- [Record set]
= Beginning of Section =
(* Let $\mathcal{D}$ be a distribution over $\mathcal{X}\times\mathcal{Y}$ where $\mathcal{Y}\subseteq\mathbb{R}^d$ and $\|y\|_\infty\le M$ for all $y\in\mathcal{Y}$, let $\alpha>0$, and let $\mathcal{T}$ be a bucketing with width $w=\sqrt{\alpha/M}$. Let $\pi:\mathcal{X}\to\Omega$ be an arbitrary policy and let $h:\mathcal{X}\to\mathcal{Y}$ be a model that is $\alpha$-consistent with respect to $\pi$. Then \[\left|\mathbb{E}_{\mathcal{D}}[\pi(x)\cdot h(x)]-\mathbb{E}_{\mathcal{D}}[\pi(x)\cdot y]\right|\le 2d\sqrt{\alpha M}.\]
   Context: $\Omega\subseteq[0,1]^d$ is an arbitrary (not necessarily convex) feasible set of actions; a policy is a map $\pi:\mathcal{X}\to\Omega$; a model is a map $h:\mathcal{X}\to\mathcal{Y}$. A bucketing $\mathcal{T}$ of width $w$ is a partition of $[0,1]$ into $1/w$ consecutive intervals ("buckets") $\tau$ of width $w$. A model $h$ is $\alpha$-consistent with respect to a collection of sets $\mathcal{C}\subseteq 2^{\mathcal{X}}$ if for every $C\in\mathcal{C}$, $\|\mathbb{E}_{\mathcal{D}}[y-h(x)\mid x\in C]\|_\infty\le \alpha/\Pr[x\in C]$. The level sets of a policy $\pi$ are $\mathcal{C}^{\mathcal{T}}_\pi=\{\{x:\pi(x)_i\in\tau\}: i\in[d],\tau\in\mathcal{T}\}$. A model $h$ is $\alpha$-consistent with respect to a policy $\pi$ if it is $\alpha$-consistent with respect to $\mathcal{C}^{\mathcal{T}}_\pi$. *)

theory Defs
  imports "HOL-Probability.Probability"
begin

text \<open>A bucketing of width w: a partition of [0,1] into 1/w (nonempty, bounded) intervals,
  each of width w (pairwise disjoint intervals covering [0,1] are automatically consecutive).\<close>
definition bucketing :: "real set set \<Rightarrow> real \<Rightarrow> bool" where
  "bucketing T w \<longleftrightarrow> finite T \<and> real (card T) = 1 / w \<and> \<Union>T = {0..1} \<and> pairwise disjnt T \<and>
     (\<forall>\<tau>\<in>T. is_interval \<tau> \<and> \<tau> \<noteq> {} \<and> bounded \<tau> \<and> Sup \<tau> - Inf \<tau> = w)"

definition event_of :: "('x \<times> 'y) measure \<Rightarrow> 'x set \<Rightarrow> ('x \<times> 'y) set" where
  "event_of D C = {z \<in> space D. fst z \<in> C}"

definition cond_exp :: "('x \<times> 'y) measure \<Rightarrow> (('x \<times> 'y) \<Rightarrow> real) \<Rightarrow> 'x set \<Rightarrow> real" where
  "cond_exp D f C = (\<integral>z. f z * indicator (event_of D C) z \<partial>D) / measure D (event_of D C)"

text \<open>alpha-consistency with respect to a collection of sets (sup-norm taken coordinatewise).\<close>
definition consistent_wrt :: "('x \<times> (real^'d)) measure \<Rightarrow> ('x \<Rightarrow> real^'d) \<Rightarrow> real \<Rightarrow> 'x set set \<Rightarrow> bool" where
  "consistent_wrt D h \<alpha> \<C> \<longleftrightarrow> (\<forall>C\<in>\<C>. \<forall>i.
      \<bar>cond_exp D (\<lambda>z. snd z $ i - h (fst z) $ i) C\<bar> \<le> \<alpha> / measure D (event_of D C))"

definition level_sets :: "('x \<Rightarrow> real^'d) \<Rightarrow> real set set \<Rightarrow> 'x set set" where
  "level_sets \<pi> T = {{x. \<pi> x $ i \<in> \<tau>} | i \<tau>. \<tau> \<in> T}"

definition consistent_wrt_policy :: "('x \<times> (real^'d)) measure \<Rightarrow> ('x \<Rightarrow> real^'d) \<Rightarrow> real \<Rightarrow> ('x \<Rightarrow> real^'d) \<Rightarrow> real set set \<Rightarrow> bool" where
  "consistent_wrt_policy D h \<alpha> \<pi> T \<longleftrightarrow> consistent_wrt D h \<alpha> (level_sets \<pi> T)"

end

theory Submission
  imports Defs
begin

text \<open>Work one coordinate i at a time and split the expectation of \<open>\<pi>\<^sub>i (y\<^sub>i - h\<^sub>i)\<close>
  according to the bucket \<open>\<tau>\<close> containing \<open>\<pi>\<^sub>i\<close>. On that level set \<open>\<pi>\<^sub>i\<close> differs from the
  midpoint c of \<open>\<tau>\<close> by at most w/2, so the contribution of \<open>\<tau>\<close> is c times the bias of h on
  the level set, at most \<open>\<alpha>\<close> by consistency, plus an error of at most \<open>(w/2)\<cdot>2M\<cdot>Pr[\<tau>]\<close>.
  Summing over the 1/w buckets gives \<open>\<alpha>/w + wM\<close>, which equals \<open>2\<surd>(\<alpha>M)\<close> for
  \<open>w = \<surd>(\<alpha>/M)\<close>; summing over the d coordinates gives the theorem.\<close>

lemma bucketing_width_pos:
  assumes "bucketing T w"
  shows "w > 0"
proof -
  have "finite T" "real (card T) = 1 / w" "\<Union>T = {0..1}"
    using assms unfolding bucketing_def by auto
  then have "T \<noteq> {}" and "card T > 0" by (auto simp: card_gt_0_iff)
  with \<open>real (card T) = 1 / w\<close> show ?thesis by (metis of_nat_0_less_iff zero_less_divide_1_iff)
qed

lemma bucketing_sets_borel:
  assumes "bucketing T w" and "\<tau> \<in> T"
  shows "\<tau> \<in> sets borel"
  using assms unfolding bucketing_def by (auto intro: real_interval_borel_measurable)

lemma bucketing_sum_indicator:
  assumes "bucketing T w" and "t \<in> {0..1}"
  shows "(\<Sum>\<tau>\<in>T. indicator \<tau> t) = (1::real)"
proof -
  have "finite T" "\<Union>T = {0..1}" "disjoint T" using assms(1) unfolding bucketing_def by auto
  then have "indicator (\<Union>(id ` T)) t = (\<Sum>\<tau>\<in>T. indicator (id \<tau>) t :: real)"
    by (intro indicator_UN_disjoint disjoint_image_disjoint_family_on) auto
  with \<open>\<Union>T = {0..1}\<close> assms(2) show ?thesis by simp
qed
= End of Section =
- [Your objective] Having read the material, transcribe all of it exactly.

- [Written answer]
(* Let $\mathcal{D}$ be a distribution over $\mathcal{X}\times\mathcal{Y}$ where $\mathcal{Y}\subseteq\mathbb{R}^d$ and $\|y\|_\infty\le M$ for all $y\in\mathcal{Y}$, let $\alpha>0$, and let $\mathcal{T}$ be a bucketing with width $w=\sqrt{\alpha/M}$. Let $\pi:\mathcal{X}\to\Omega$ be an arbitrary policy and let $h:\mathcal{X}\to\mathcal{Y}$ be a model that is $\alpha$-consistent with respect to $\pi$. Then \[\left|\mathbb{E}_{\mathcal{D}}[\pi(x)\cdot h(x)]-\mathbb{E}_{\mathcal{D}}[\pi(x)\cdot y]\right|\le 2d\sqrt{\alpha M}.\]
   Context: $\Omega\subseteq[0,1]^d$ is an arbitrary (not necessarily convex) feasible set of actions; a policy is a map $\pi:\mathcal{X}\to\Omega$; a model is a map $h:\mathcal{X}\to\mathcal{Y}$. A bucketing $\mathcal{T}$ of width $w$ is a partition of $[0,1]$ into $1/w$ consecutive intervals ("buckets") $\tau$ of width $w$. A model $h$ is $\alpha$-consistent with respect to a collection of sets $\mathcal{C}\subseteq 2^{\mathcal{X}}$ if for every $C\in\mathcal{C}$, $\|\mathbb{E}_{\mathcal{D}}[y-h(x)\mid x\in C]\|_\infty\le \alpha/\Pr[x\in C]$. The level sets of a policy $\pi$ are $\mathcal{C}^{\mathcal{T}}_\pi=\{\{x:\pi(x)_i\in\tau\}: i\in[d],\tau\in\mathcal{T}\}$. A model $h$ is $\alpha$-consistent with respect to a policy $\pi$ if it is $\alpha$-consistent with respect to $\mathcal{C}^{\mathcal{T}}_\pi$. *)

theory Defs
  imports "HOL-Probability.Probability"
begin

text \<open>A bucketing of width w: a partition of [0,1] into 1/w (nonempty, bounded) intervals,
  each of width w (pairwise disjoint intervals covering [0,1] are automatically consecutive).\<close>
definition bucketing :: "real set set \<Rightarrow> real \<Rightarrow> bool" where
  "bucketing T w \<longleftrightarrow> finite T \<and> real (card T) = 1 / w \<and> \<Union>T = {0..1} \<and> pairwise disjnt T \<and>
     (\<forall>\<tau>\<in>T. is_interval \<tau> \<and> \<tau> \<noteq> {} \<and> bounded \<tau> \<and> Sup \<tau> - Inf \<tau> = w)"

definition event_of :: "('x \<times> 'y) measure \<Rightarrow> 'x set \<Rightarrow> ('x \<times> 'y) set" where
  "event_of D C = {z \<in> space D. fst z \<in> C}"

definition cond_exp :: "('x \<times> 'y) measure \<Rightarrow> (('x \<times> 'y) \<Rightarrow> real) \<Rightarrow> 'x set \<Rightarrow> real" where
  "cond_exp D f C = (\<integral>z. f z * indicator (event_of D C) z \<partial>D) / measure D (event_of D C)"

text \<open>alpha-consistency with respect to a collection of sets (sup-norm taken coordinatewise).\<close>
definition consistent_wrt :: "('x \<times> (real^'d)) measure \<Rightarrow> ('x \<Rightarrow> real^'d) \<Rightarrow> real \<Rightarrow> 'x set set \<Rightarrow> bool" where
  "consistent_wrt D h \<alpha> \<C> \<longleftrightarrow> (\<forall>C\<in>\<C>. \<forall>i.
      \<bar>cond_exp D (\<lambda>z. snd z $ i - h (fst z) $ i) C\<bar> \<le> \<alpha> / measure D (event_of D C))"

definition level_sets :: "('x \<Rightarrow> real^'d) \<Rightarrow> real set set \<Rightarrow> 'x set set" where
  "level_sets \<pi> T = {{x. \<pi> x $ i \<in> \<tau>} | i \<tau>. \<tau> \<in> T}"

definition consistent_wrt_policy :: "('x \<times> (real^'d)) measure \<Rightarrow> ('x \<Rightarrow> real^'d) \<Rightarrow> real \<Rightarrow> ('x \<Rightarrow> real^'d) \<Rightarrow> real set set \<Rightarrow> bool" where
  "consistent_wrt_policy D h \<alpha> \<pi> T \<longleftrightarrow> consistent_wrt D h \<alpha> (level_sets \<pi> T)"

end

theory Submission
  imports Defs
begin

text \<open>Work one coordinate i at a time and split the expectation of \<open>\<pi>\<^sub>i (y\<^sub>i - h\<^sub>i)\<close>
  according to the bucket \<open>\<tau>\<close> containing \<open>\<pi>\<^sub>i\<close>. On that level set \<open>\<pi>\<^sub>i\<close> differs from the
  midpoint c of \<open>\<tau>\<close> by at most w/2, so the contribution of \<open>\<tau>\<close> is c times the bias of h on
  the level set, at most \<open>\<alpha>\<close> by consistency, plus an error of at most \<open>(w/2)\<cdot>2M\<cdot>Pr[\<tau>]\<close>.
  Summing over the 1/w buckets gives \<open>\<alpha>/w + wM\<close>, which equals \<open>2\<surd>(\<alpha>M)\<close> for
  \<open>w = \<surd>(\<alpha>/M)\<close>; summing over the d coordinates gives the theorem.\<close>

lemma bucketing_width_pos:
  assumes "bucketing T w"
  shows "w > 0"
proof -
  have "finite T" "real (card T) = 1 / w" "\<Union>T = {0..1}"
    using assms unfolding bucketing_def by auto
  then have "T \<noteq> {}" and "card T > 0" by (auto simp: card_gt_0_iff)
  with \<open>real (card T) = 1 / w\<close> show ?thesis by (metis of_nat_0_less_iff zero_less_divide_1_iff)
qed

lemma bucketing_sets_borel:
  assumes "bucketing T w" and "\<tau> \<in> T"
  shows "\<tau> \<in> sets borel"
  using assms unfolding bucketing_def by (auto intro: real_interval_borel_measurable)

lemma bucketing_sum_indicator:
  assumes "bucketing T w" and "t \<in> {0..1}"
  shows "(\<Sum>\<tau>\<in>T. indicator \<tau> t) = (1::real)"
proof -
  have "finite T" "\<Union>T = {0..1}" "disjoint T" using assms(1) unfolding bucketing_def by auto
  then have "indicator (\<Union>(id ` T)) t = (\<Sum>\<tau>\<in>T. indicator (id \<tau>) t :: real)"
    by (intro indicator_UN_disjoint disjoint_image_disjoint_family_on) auto
  with \<open>\<Union>T = {0..1}\<close> assms(2) show ?thesis by simp
qed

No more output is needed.